Replace Flatten (4D→2D) Linear with Conv2d(1×1) Flatten.

Many classification networks end with:

``AdaptiveAvgPool2d → flatten → [Dropout → ReLU →] Linear``

This conversion rewrites the tail into:

``AdaptiveAvgPool2d → [Dropout → ReLU →] Conv2d(1×1) → flatten``

Element-wise ops between flatten and Linear (activations, dropout) are absorbed by a Wildcard and moved in front of the Conv2d in the replacement.

The resulting Conv2d can then be matched by downstream fusion and Q/DQ patterns.

This is a structural conversion — it changes graph topology rather than collapsing a chain into a fused module. It must be applied before fusion patterns.

graft: type[Module] | tuple[Callable[[TreeMatch], tuple[Module | Node | Callable[[GraphModule, tuple[Node, ...]], list[Node]], ...]], ...] = (<function _ew_nodes>, <function _reshape_and_conv>, <function keep_node.<locals>._get>)#

The factories to make replacements for each matched tree, if used.

phase: Phase = 'conversion'#

Pipeline phase this pattern belongs to.

tree: tuple[type[Module] | UnionType | Callable[[Node], bool] | Wildcard, ...] | Fork = (<function _is_flatten>, Wildcard(check=torch.nn.modules.dropout.Dropout | torch.nn.modules.dropout.Dropout2d | torch.nn.modules.activation.ReLU | torch.nn.modules.activation.ReLU6 | torch.nn.modules.activation.LeakyReLU | torch.nn.modules.activation.ELU | torch.nn.modules.activation.GELU | torch.nn.modules.activation.SiLU | torch.nn.modules.activation.Hardswish | torch.nn.modules.activation.Hardsigmoid, quantifier='*', nodes=()), <class 'torch.nn.modules.linear.Linear'>)#

The pattern topology to match, if using tree-based matching.
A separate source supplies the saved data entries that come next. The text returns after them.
(* Let $G$ be a digraph and $f$ a discrete Morse function on $G$. If $v_0v_1\cdots v_nv_0$ ($n\ge1$) is a directed loop in $G$, then $f(v_i)>0$ for every $0\le i\le n$.
   Context: A digraph $G=(V,E)$ consists of a set $V$ and $E\subseteq(V\times V)\setminus\{(v,v)\}$; $(u,v)\in E$ is written $u\to v$. An allowed elementary $n$-path is a sequence $v_0\cdots v_n$ of vertices with $v_{i-1}\to v_i\in E$ for $1\le i\le n$. A directed loop is an allowed elementary path of the form $v_0v_1\cdots v_nv_0$ with $n\ge1$. A map $f:V\to[0,+\infty)$ is a discrete Morse function on $G$ if for every allowed elementary path $v_0\cdots v_n$: (i) there is at most one index $0\le i\le n$ with $f(v_i)=0$ such that $v_0\cdots v_{i-1}v_{i+1}\cdots v_n$ is an allowed elementary $(n-1)$-path; (ii) there is at most one vertex $u$ with $f(u)=0$ such that for some $-1\le j\le n$ the sequence $v_0\cdots v_juv_{j+1}\cdots v_n$ (meaning $uv_0\cdots v_n$ if $j=-1$, $v_0\cdots v_nu$ if $j=n$) is an allowed elementary $(n+1)$-path. *)

theory Defs
  imports Complex_Main
begin

definition digraph :: "'a set \<Rightarrow> ('a \<times> 'a) set \<Rightarrow> bool" where
  "digraph V E \<longleftrightarrow> E \<subseteq> (V \<times> V) - {(v,v) | v. True}"

(* An allowed elementary n-path v_0 ... v_n is represented by the list [v_0,...,v_n]
   (length n+1, n >= 0) of vertices with v_{i-1} -> v_i in E. *)
definition allowed_path :: "'a set \<Rightarrow> ('a \<times> 'a) set \<Rightarrow> 'a list \<Rightarrow> bool" where
  "allowed_path V E vs \<longleftrightarrow> vs \<noteq> [] \<and> set vs \<subseteq> V \<and>
     (\<forall>i. Suc i < length vs \<longrightarrow> (vs ! i, vs ! Suc i) \<in> E)"

definition directed_loop :: "'a set \<Rightarrow> ('a \<times> 'a) set \<Rightarrow> 'a list \<Rightarrow> bool" where
  "directed_loop V E vs \<longleftrightarrow> length vs \<ge> 2 \<and> allowed_path V E (vs @ [hd vs])"

definition discrete_morse :: "'a set \<Rightarrow> ('a \<times> 'a) set \<Rightarrow> ('a \<Rightarrow> real) \<Rightarrow> bool" where
  "discrete_morse V E f \<longleftrightarrow>
     (\<forall>v\<in>V. f v \<ge> 0) \<and>
     (\<forall>vs. allowed_path V E vs \<longrightarrow>
        \<comment> \<open>(i) at most one index i with f(v_i)=0 whose deletion is allowed\<close>
        (\<forall>i j. i < length vs \<and> f (vs ! i) = 0 \<and> allowed_path V E (take i vs @ drop (Suc i) vs) \<and>
               j < length vs \<and> f (vs ! j) = 0 \<and> allowed_path V E (take j vs @ drop (Suc j) vs)
               \<longrightarrow> i = j) \<and>
        \<comment> \<open>(ii) at most one vertex u with f(u)=0 whose insertion (at any position) is allowed\<close>
        (\<forall>u w. u \<in> V \<and> f u = 0 \<and> (\<exists>k \<le> length vs. allowed_path V E (take k vs @ u # drop k vs)) \<and>
               w \<in> V \<and> f w = 0 \<and> (\<exists>k \<le> length vs. allowed_path V E (take k vs @ w # drop k vs))
               \<longrightarrow> u = w))"

end

theory Submission
  imports Defs
begin

(* If f vanished at a vertex of a directed loop, rotate the loop to start there and close it
   up: in the resulting allowed path w_0 ... w_n w_0 both the first and the last vertex have
   f = 0, and deleting either one leaves an allowed path, contradicting condition (i). *)

lemma allowed_path_iff_successively:
  "allowed_path V E vs \<longleftrightarrow> vs \<noteq> [] \<and> set vs \<subseteq> V \<and> successively (\<lambda>x y. (x, y) \<in> E) vs"
  unfolding allowed_path_def successively_conv_nth by blast

lemma allowed_path_take:
  assumes "allowed_path V E vs" and "0 < n"
  shows "allowed_path V E (take n vs)"
  using assms successively_append_iff[of "\<lambda>x y. (x, y) \<in> E" "take n vs" "drop n vs"]
  by (auto simp: allowed_path_iff_successively dest: in_set_takeD)

lemma allowed_path_drop:
  assumes "allowed_path V E vs" and "n < length vs"
  shows "allowed_path V E (drop n vs)"
  using assms successively_append_iff[of "\<lambda>x y. (x, y) \<in> E" "take n vs" "drop n vs"]
  by (auto simp: allowed_path_iff_successively dest: in_set_dropD)

lemma directed_loop_rotate1:
  assumes "directed_loop V E vs"
  shows "directed_loop V E (rotate1 vs)"
proof -
  obtain x y ys where vs: "vs = x # y # ys"
    using assms unfolding directed_loop_def by (metis Suc_le_length_iff numeral_2_eq_2)
  have "allowed_path V E (x # (y # ys @ [x]))"
    using assms vs by (simp add: directed_loop_def)
  then have "allowed_path V E ((y # ys @ [x]) @ [y])"
    using successively_append_iff[of "\<lambda>x y. (x, y) \<in> E" "y # ys @ [x]" "[y]"]
    by (auto simp: allowed_path_iff_successively)
  then show ?thesis
    by (simp add: vs directed_loop_def)
qed

lemma directed_loop_rotate:
  "directed_loop V E vs \<Longrightarrow> directed_loop V E (rotate n vs)"
  by (induction n) (simp_all add: directed_loop_rotate1)

lemma discrete_morse_hd_loop_pos:
  assumes morse: "discrete_morse V E f" and loop: "directed_loop V E ws"
  shows "f (hd ws) > 0"
proof -
  define m where "m = length ws"
  define P where "P = ws @ [hd ws]"
  have "m \<ge> 2" and "ws \<noteq> []" and P: "allowed_path V E P"
    using loop by (auto simp: directed_loop_def m_def P_def)
  have "hd ws \<in> V"
    using P by (simp add: P_def allowed_path_def)
  then have "f (hd ws) \<ge> 0"
    using morse by (simp add: discrete_morse_def)
  moreover have "f (hd ws) \<noteq> 0"
  proof
    assume zero: "f (hd ws) = 0"
    have "P ! 0 = hd ws" and "P ! m = hd ws" and "length P = Suc m"
      using \<open>m \<ge> 2\<close> by (auto simp: P_def m_def nth_append hd_conv_nth)
    moreover have "allowed_path V E (take 0 P @ drop (Suc 0) P)"
      using P allowed_path_drop[of V E P 1] \<open>ws \<noteq> []\<close> by (simp add: P_def)
    moreover have "allowed_path V E (take m P @ drop (Suc m) P)"
      using P allowed_path_take[of V E P m] \<open>ws \<noteq> []\<close> by (simp add: P_def m_def)
    ultimately have "0 = m"
      using morse P zero unfolding discrete_morse_def by (metis lessI zero_less_Suc)
    with \<open>m \<ge> 2\<close> show False by simp
  qed
  ultimately show ?thesis by simp
qed

theorem lemma4p1:
  fixes V :: "'a set" and E :: "('a \<times> 'a) set" and f :: "'a \<Rightarrow> real" and vs :: "'a list"
  assumes "digraph V E" and "discrete_morse V E f" and "directed_loop V E vs"
  shows "\<forall>i < length vs. f (vs ! i) > 0"
proof (intro allI impI)
  fix i
  assume "i < length vs"
  moreover from this have "vs \<noteq> []" by auto
  ultimately have "hd (rotate i vs) = vs ! i"
    by (simp add: hd_rotate_conv_nth)
  moreover have "f (hd (rotate i vs)) > 0"
    using assms(2,3) by (intro discrete_morse_hd_loop_pos directed_loop_rotate)
  ultimately show "f (vs ! i) > 0" by simp
qed

end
class embedl_deploy.tensorrt.patterns.LayerNormPattern[source]#

Bases: Pattern

Match LayerNorm and wrap in a fused module.

graft#

alias of FusedLayerNorm

phase: Phase = 'fusion'#

Pipeline phase this pattern belongs to.

tree: tuple[type[Module] | UnionType | Callable[[Node], bool] | Wildcard, ...] | Fork = (<class 'torch.nn.modules.normalization.LayerNorm'>,)#

The pattern topology to match, if using tree-based matching.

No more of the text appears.